Per capire da che pulpito viene questa predica dobbiamo ricordarci che nel novembre 2013 JP Morgan pagò al Governo degli Stati Uniti una gigantesca multa di tredici miliardi di dollari dopo avere ammesso di avere venduto a piccoli investitori prodotti finanziari inquinati.
Cosa si legge in quelle documento? Venne pubblicato il 28 maggio 2013, l’ho trovato facilmente in rete, quel documento accusa le costituzioni dei paesi della periferia meridionale approvate dopo la caduta del fascismo di essere “un ostacolo al processo di integrazione economica e anzi causa della crisi in quanto risentono di una forte influenza socialista”. Al tempo stesso però il documento dichiara che “in uno dei Paesi della periferia meridionale, cioé saremmo noi l’Italia, il nuovo Governo può chiaramente impegnarsi in importanti riforme politiche”.
Sarà poi il Governo Renzi a condurre disciplinatamente in porto le riforme mettendo mano alla Costituzione su due dei punti essenziali suggeriti da JP Morgan. “Governi deboli rispetto i Parlamenti – di questo si lamentava il grande colosso bancario e finanziario – e Stati centrali deboli rispetto alle Regioni”.
Mi pare che la riforma costituzionale, sarà forse un caso, risponda a queste due indicazioni date nel documento che vi ho letto.

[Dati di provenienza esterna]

section \<open>Limits as the length tends to infinity\<close>

lemma LIMSEQ_contraction_zero:
  fixes f v :: "nat \<Rightarrow> real"
  assumes rec: "\<And>k. f (Suc k) = c * f k + v k" and c: "0 \<le> c" "c < 1" and v: "v \<longlonglongrightarrow> 0"
  shows "f \<longlonglongrightarrow> 0"
proof (rule LIMSEQ_I)
  fix r :: real assume r: "0 < r"
  with c have "r * (1 - c) / 2 > 0" by simp
  from LIMSEQ_D[OF v this] obtain N where N: "\<And>k. k \<ge> N \<Longrightarrow> \<bar>v k\<bar> < r * (1 - c) / 2"
    by auto
  have bound: "\<bar>f (N + j)\<bar> \<le> c ^ j * \<bar>f N\<bar> + r / 2" for j
  proof (induction j)
    case (Suc j)
    have "\<bar>f (N + Suc j)\<bar> \<le> c * \<bar>f (N + j)\<bar> + \<bar>v (N + j)\<bar>"
      using c abs_triangle_ineq[of "c * f (N + j)" "v (N + j)"] by (simp add: rec abs_mult)
    also have "\<dots> \<le> c * (c ^ j * \<bar>f N\<bar> + r / 2) + r * (1 - c) / 2"
      using Suc.IH N[of "N + j"] c by (intro add_mono mult_left_mono) auto
    also have "\<dots> = c ^ Suc j * \<bar>f N\<bar> + r / 2"
      by (simp add: field_simps)
    finally show ?case .
  qed (use r in simp)
  have "(\<lambda>j. c ^ j * \<bar>f N\<bar>) \<longlonglongrightarrow> 0"
    using c tendsto_mult_left_zero[OF LIMSEQ_power_zero[of c]] by simp
  from LIMSEQ_D[OF this, of "r / 2"] r c
  obtain M where M: "\<And>j. j \<ge> M \<Longrightarrow> c ^ j * \<bar>f N\<bar> < r / 2"
    by auto
  have "\<bar>f k\<bar> < r" if "k \<ge> N + M" for k
    using bound[of "k - N"] M[of "k - N"] that by fastforce
  thus "\<exists>K. \<forall>k\<ge>K. norm (f k - 0) < r"
    by auto
qed

lemma LIMSEQ_affine_recurrence:
  fixes e u :: "nat \<Rightarrow> real"
  assumes "\<And>k. e (Suc k) = c * e k + u k" "0 \<le> c" "c < 1" "u \<longlonglongrightarrow> u0" "l = u0 / (1 - c)"
  shows "e \<longlonglongrightarrow> l"
proof -
  have "(\<lambda>k. e k - l) \<longlonglongrightarrow> 0"
  proof (rule LIMSEQ_contraction_zero)
    show "e (Suc k) - l = c * (e k - l) + (u k - u0)" for k
      using assms by (simp add: field_simps)
    show "(\<lambda>k. u k - u0) \<longlonglongrightarrow> 0"
      using assms(4) by (simp add: LIM_zero)
  qed (use assms in auto)
  thus ?thesis
    by (simp add: LIM_zero_iff)
qed

lemma top_distinct_mass_0: "top_distinct_mass 0 (Suc k) d = (if d = 1 then 1 else 0)"
  by (induction k) (simp_all add: top_distinct_mass_Suc distinct_mass_0)

lemma LIMSEQ_distinct_mass:
  "(\<lambda>k. distinct_mass (Suc n) k d) \<longlonglongrightarrow> zeta1_shift n d"
proof (induction n arbitrary: d)
  case 0
  have "(\<lambda>k. distinct_mass (Suc 0) (Suc k) d) \<longlonglongrightarrow> zeta1_shift 0 d"
    by (simp add: distinct_mass_Suc top_distinct_mass_0 distinct_mass_0 zeta1_shift_0)
  thus ?case
    by (rule LIMSEQ_imp_Suc)
next
  case (Suc n)
  define c where "c = 1 / real (Suc (Suc n))"
  define z where "z = (if d = 0 then 0 else zeta1_shift n (d - 1))"
  have c: "0 \<le> c" "c < 1"
    by (auto simp: c_def)
  have "(\<lambda>k. top_distinct_mass (Suc n) k d) \<longlonglongrightarrow> z / real (Suc n)"
  proof (rule LIMSEQ_affine_recurrence[OF _ c])
    show "top_distinct_mass (Suc n) (Suc k) d =
        c * top_distinct_mass (Suc n) k d +
        (if d = 0 then 0 else distinct_mass (Suc n) k (d - 1)) / real (Suc (Suc n))" for k
      by (subst top_distinct_mass_Suc) (simp add: c_def add_divide_distrib)
    show "(\<lambda>k. (if d = 0 then 0 else distinct_mass (Suc n) k (d - 1)) / real (Suc (Suc n)))
        \<longlonglongrightarrow> z / real (Suc (Suc n))"
      unfolding z_def by (cases "d = 0") (auto intro!: tendsto_divide Suc.IH)
    have "1 - c = real (Suc n) / real (Suc (Suc n))"
      by (simp add: c_def field_simps)
    thus "z / real (Suc n) = z / real (Suc (Suc n)) / (1 - c)"
      by (simp del: of_nat_Suc)
  qed
  with Suc.IH have "(\<lambda>k. distinct_mass (Suc n) k d + top_distinct_mass (Suc n) k d)
      \<longlonglongrightarrow> zeta1_shift n d + z / real (Suc n)"
    by (intro tendsto_add)
  thus ?case
    by (simp add: distinct_mass_Suc zeta1_shift_Suc[of n d] z_def)
qed

lemma LIMSEQ_mass: "(\<lambda>k. mass (Suc n) k) \<longlonglongrightarrow> real (Suc n)"
proof (induction n)
  case (Suc n)
  define c where "c = 1 / real (Suc (Suc n))"
  show ?case
  proof (rule LIMSEQ_affine_recurrence)
    show "mass (Suc (Suc n)) (Suc k) = c * mass (Suc (Suc n)) k + mass (Suc n) (Suc k)" for k
      by (subst mass_Suc_Suc) (simp add: c_def)
    show "(\<lambda>k. mass (Suc n) (Suc k)) \<longlonglongrightarrow> real (Suc n)"
      using Suc.IH by (rule LIMSEQ_Suc)
    show "real (Suc (Suc n)) = real (Suc n) / (1 - c)"
      by (simp add: c_def field_simps)
  qed (auto simp: c_def)
qed (simp add: mass_1)

section \<open>Limits as the upper bound tends to infinity\<close>

lemma repeat_mass_le: "repeat_mass n (Suc k) \<le> real (Suc k) * mass n k"
proof (induction n arbitrary: k)
  case 0
  thus ?case using mass_nonneg[of 0 k] by simp
next
  case (Suc n)
  show ?case
  proof (cases k)
    case 0
    with Suc.IH[of 0] show ?thesis
      by (simp add: repeat_mass_Suc_Suc)
  next
    case (Suc k')
    define c where "c = 1 / real (Suc n)"
    have c: "0 \<le> c" "c \<le> 1"
      by (auto simp: c_def)
    have mass_diff: "mass (Suc n) k - mass n k = c * mass (Suc n) k'"
      using Suc by (simp add: mass_Suc_Suc c_def)
    have IH': "repeat_mass n k \<le> real k * mass (Suc n) k'"
      using Suc.IH[of k'] mass_mono[of n k'] unfolding Suc
      by (meson mult_left_mono of_nat_0_le_iff order_trans)
    have "repeat_mass (Suc n) (Suc k) = repeat_mass n (Suc k) + c * (repeat_mass n k + c * mass (Suc n) k')"
      by (simp add: repeat_mass_Suc_Suc mass_diff c_def)
    also have "\<dots> \<le> real (Suc k) * mass n k + c * (real k * mass (Suc n) k' + mass (Suc n) k')"
      using Suc.IH[of k] IH' c mass_nonneg[of "Suc n" k']
      by (intro add_mono mult_left_mono) (auto simp: mult_left_le_one_le)
    also have "\<dots> = real (Suc k) * (mass n k + c * mass (Suc n) k')"
      by (simp add: algebra_simps)
    also have "mass n k + c * mass (Suc n) k' = mass (Suc n) k"
      using mass_diff by simp
    finally show ?thesis .
  qed
qed

lemma power_diff_le:
  fixes a b :: real
  assumes "0 \<le> b" "b \<le> a"
  shows "a ^ Suc m - b ^ Suc m \<le> real (Suc m) * (a - b) * a ^ m"
proof (induction m)
  case (Suc m)
  have "a ^ Suc (Suc m) - b ^ Suc (Suc m) = a * (a ^ Suc m - b ^ Suc m) + b ^ Suc m * (a - b)"
    by (simp add: algebra_simps)
  also have "\<dots> \<le> a * (real (Suc m) * (a - b) * a ^ m) + a ^ Suc m * (a - b)"
    using assms Suc.IH by (intro add_mono mult_left_mono mult_right_mono power_mono) auto
  also have "\<dots> = real (Suc (Suc m)) * (a - b) * a ^ Suc m"
    by (simp add: algebra_simps)
  finally show ?case .
qed simp

lemma mass_le_harm_power: "mass n k \<le> harm n ^ k"
proof (induction n arbitrary: k)
  case 0
  thus ?case by (cases k) (simp_all add: harm_expand)
next
  case (Suc n)
  note IH_n = Suc.IH
  define h h' :: real where "h = harm n" and "h' = harm (Suc n)"
  have h': "h' = h + 1 / real (Suc n)" and h: "0 \<le> h"
    by (simp_all add: h_def h'_def harm_Suc inverse_eq_divide harm_nonneg)
  show ?case
  proof (induction k)
    case (Suc k)
    have "mass (Suc n) (Suc k) \<le> h ^ Suc k + h' ^ k / real (Suc n)"
      unfolding mass_Suc_Suc h_def h'_def using IH_n[of "Suc k"] Suc.IH
      by (intro add_mono divide_right_mono) auto
    also have "h ^ Suc k \<le> h * h' ^ k"
      using h h' by (simp add: mult_left_mono power_mono)
    also have "h * h' ^ k + h' ^ k / real (Suc n) = h' ^ Suc k"
      by (simp add: h' algebra_simps)
    finally show ?case by (simp add: h'_def)
  qed simp
qed

lemma harm_power_div_fact_le_mass: "harm n ^ k / fact k \<le> mass n k"
proof (induction n arbitrary: k)
  case 0
  thus ?case by (cases k) (simp_all add: harm_expand)
next
  case (Suc n)
  note IH_n = Suc.IH
  define h h' :: real where "h = harm n" and "h' = harm (Suc n)"
  have h': "h' = h + 1 / real (Suc n)" and h: "0 \<le> h"
    by (simp_all add: h_def h'_def harm_Suc inverse_eq_divide harm_nonneg)
  show ?case
  proof (induction k)
    case (Suc k)
    have "h' ^ Suc k - h ^ Suc k \<le> real (Suc k) * (1 / real (Suc n)) * h' ^ k"
      using power_diff_le[of h h' k] h h' by simp
    hence "(h' ^ Suc k - h ^ Suc k) / fact (Suc k) \<le> real (Suc k) * (1 / real (Suc n)) * h' ^ k / fact (Suc k)"
      by (rule divide_right_mono) simp
    also have "\<dots> = h' ^ k / fact k / real (Suc n)"
      by (simp add: fact_Suc field_simps del: of_nat_Suc)
    finally have "h' ^ Suc k / fact (Suc k) \<le> h ^ Suc k / fact (Suc k) + h' ^ k / fact k / real (Suc n)"
      by (simp add: diff_divide_distrib)
    also have "\<dots> \<le> mass (Suc n) (Suc k)"
      unfolding mass_Suc_Suc h_def h'_def using IH_n[of "Suc k"] Suc.IH
      by (intro add_mono divide_right_mono) auto
    finally show ?case by (simp add: h'_def)
  qed simp
qed

lemma mass_pos: "n \<ge> 1 \<Longrightarrow> mass n k > 0"
  using harm_power_div_fact_le_mass[of n k] harm_pos[of n]
  by (metis divide_pos_pos fact_gt_zero order_less_le_trans zero_less_power less_one not_le)

lemma LIMSEQ_distinct_mass_ratio: "(\<lambda>n. distinct_mass n k k / mass n k) \<longlonglongrightarrow> 1"
proof (cases k)
  case 0
  thus ?thesis by (simp add: distinct_mass_def)
next
  case (Suc k')
  have ratio_le: "repeat_mass n k / mass n k \<le> real k * fact k / harm n" if "n \<ge> 1" for n
  proof -
    have H: "harm n > (0::real)" using that by simp
    have "repeat_mass n k \<le> real k * harm n ^ k'"
      using repeat_mass_le[of n k'] mass_le_harm_power[of n k'] Suc
      by (metis mult_left_mono of_nat_0_le_iff order_trans)
    moreover have "harm n ^ k / fact k \<le> mass n k"
      by (rule harm_power_div_fact_le_mass)
    ultimately have "repeat_mass n k / mass n k \<le> (real k * harm n ^ k') / (harm n ^ k / fact k)"
      using H repeat_mass_nonneg[of n k]
      by (intro frac_le) (auto intro: mult_nonneg_nonneg)
    also have "\<dots> = real k * fact k / harm n"
      using H Suc by (simp add: field_simps del: of_nat_Suc fact_Suc)
    finally show ?thesis .
  qed
  have upper: "(\<lambda>n. real k * fact k / harm n) \<longlonglongrightarrow> 0"
    by (intro tendsto_divide_0[OF tendsto_const] filterlim_at_top_imp_at_infinity harm_at_top)
  have "\<forall>\<^sub>F n in sequentially. repeat_mass n k / mass n k \<le> real k * fact k / harm n"
    using eventually_ge_at_top[of 1] by (rule eventually_mono) (rule ratio_le)
  moreover have "\<forall>\<^sub>F n in sequentially. 0 \<le> repeat_mass n k / mass n k"
    by (intro always_eventually allI divide_nonneg_nonneg repeat_mass_nonneg mass_nonneg)
  ultimately have "(\<lambda>n. repeat_mass n k / mass n k) \<longlonglongrightarrow> 0"
    by (intro tendsto_sandwich[OF _ _ tendsto_const upper])
  hence "(\<lambda>n. 1 - repeat_mass n k / mass n k) \<longlonglongrightarrow> 1 - 0"
    by (intro tendsto_diff tendsto_const)
  moreover have "\<forall>\<^sub>F n in sequentially. 1 - repeat_mass n k / mass n k = distinct_mass n k k / mass n k"
    using eventually_ge_at_top[of 1]
  proof (rule eventually_mono)
    fix n :: nat assume "n \<ge> 1"
    hence "mass n k > 0" by (rule mass_pos)
    thus "1 - repeat_mass n k / mass n k = distinct_mass n k k / mass n k"
      by (simp add: mass_eq_distinct_mass_plus_repeat_mass field_simps)
  qed
  ultimately show ?thesis
    by (simp add: tendsto_cong)
qed

lemma theta_coeff_eq: "theta_coeff n k j = (\<Sum>ls\<in>wseqs n k. if sigma ls = j then wt ls else 0)"
  unfolding theta_coeff_def by (simp add: sum.inter_filter)

lemma theta_coeff_nonneg: "theta_coeff n k j \<ge> 0"
  unfolding theta_coeff_eq by (intro sum_nonneg) (auto intro: less_imp_le wt_pos_if_wseqs)

lemma theta_coeff_eq_0: "j > k \<Longrightarrow> theta_coeff n k j = 0"
  unfolding theta_coeff_eq by (intro sum.neutral) (auto dest: sigma_le_if_wseqs)

lemma sum_theta_coeff: "(\<Sum>j\<le>k. theta_coeff n k j) = mass n k"
  unfolding theta_coeff_def mass_def by (rule sum.group) (auto dest: sigma_le_if_wseqs)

Non vorrei che si realizzasse quello che Leonardo Sciascia diceva nel 1978 quando parlava del Parlamento in quel momento in carica. “Il potere  è altrove” scriveva Leonardo Sciascia – deplorando un Parlamento di anime morte che non hanno mai avuto un pensiero proprio.
Io credo che la linea fondante della riforma affonda le radici in un’idea di Stato che si avvicina molto ad una sorta di dittatura dolce fondata non su una Democrazia, sulla partecipazione del popolo e sulla sovranità del popolo ma su un potere oligarchico che obbedisce esclusivamente alle leggi e gli interessi dell’economia e della finanza internazionale.
E questa idea di Stato, cerchiamo di volare alto e di guardarci attorno e indietro, per la prima volta nel dopoguerra venne delineata nel Piano di rinascita democratica della P2 di Licio Gelli.
Ricordava Aaron Pettinari la celebre intervista di Gelli da Maurizio Costanzo il 5 ottobre 1980 pubblicato sul Corriere della Sera “Quando fossi eletto il mio primo atto sarebbe una completa revisione della Costituzione era un ambito perfetto quando fu indossato per la prima volta par la nostra Repubblica ma oggi è un ambito lusso e sfibrato e la Repubblica deve stare molto attenta nei suoi movimenti per non rischiare di romperlo definitivamente. E’ il parto dell’Assemblea Costituente avvenuto in un momento del tutto particolare nella vita della nostra nazione ma che oggi a cose assestate risulta inefficiente e inadeguato”.
Sono passati quasi quarant’anni, questo per dirvi che l’attacco alla Costituzione comincia molto prima del Governo Renzi. Dopo Licio Gelli analoghi progetti sostanzialmente volti a favorire sempre l’esecutivo a scapito del legislativo e del giudiziario via via sono stati portati avanti con fortune alterne mai portati a termine, da Cossiga, dal Governo Craxi  e ultimamente da un Governo Berlusconi con una reazione che in quel caso fece gridare a tutti che dovevamo difendere la Costituzione più bella del mondo, riguardò anche coloro i quali oggi invece sono schierati per stravolgere la nostra Costituzione.
Da Gelli ad oggi ci sono quarant’anni di tentativi per ribaltare gli assetti fondamentali della nostra Carta costituzionale.
La posta in gioco è la realizzazione definitiva di un progetto che viene da molto lontano e che lega quarant’anni di costante assedio alla Costituzione. L’obiettivo di questo referendum non può essere la permanenza o meno di Renzi al Governo ma l’obiettivo è ben altro, è la definitiva decostituzionalizzazione a scapito della partecipazione dello Stato dei cittadini che servono come sudditi impotenti e perciò apatici da governare.
Non possiamo permetterci il nome della parola d’ordine governabilità che il bastone del comando venga attribuito ad un solo uomo al potere più facilmente manovrabile in dispregio del fondamentale principio della separazione dei poteri.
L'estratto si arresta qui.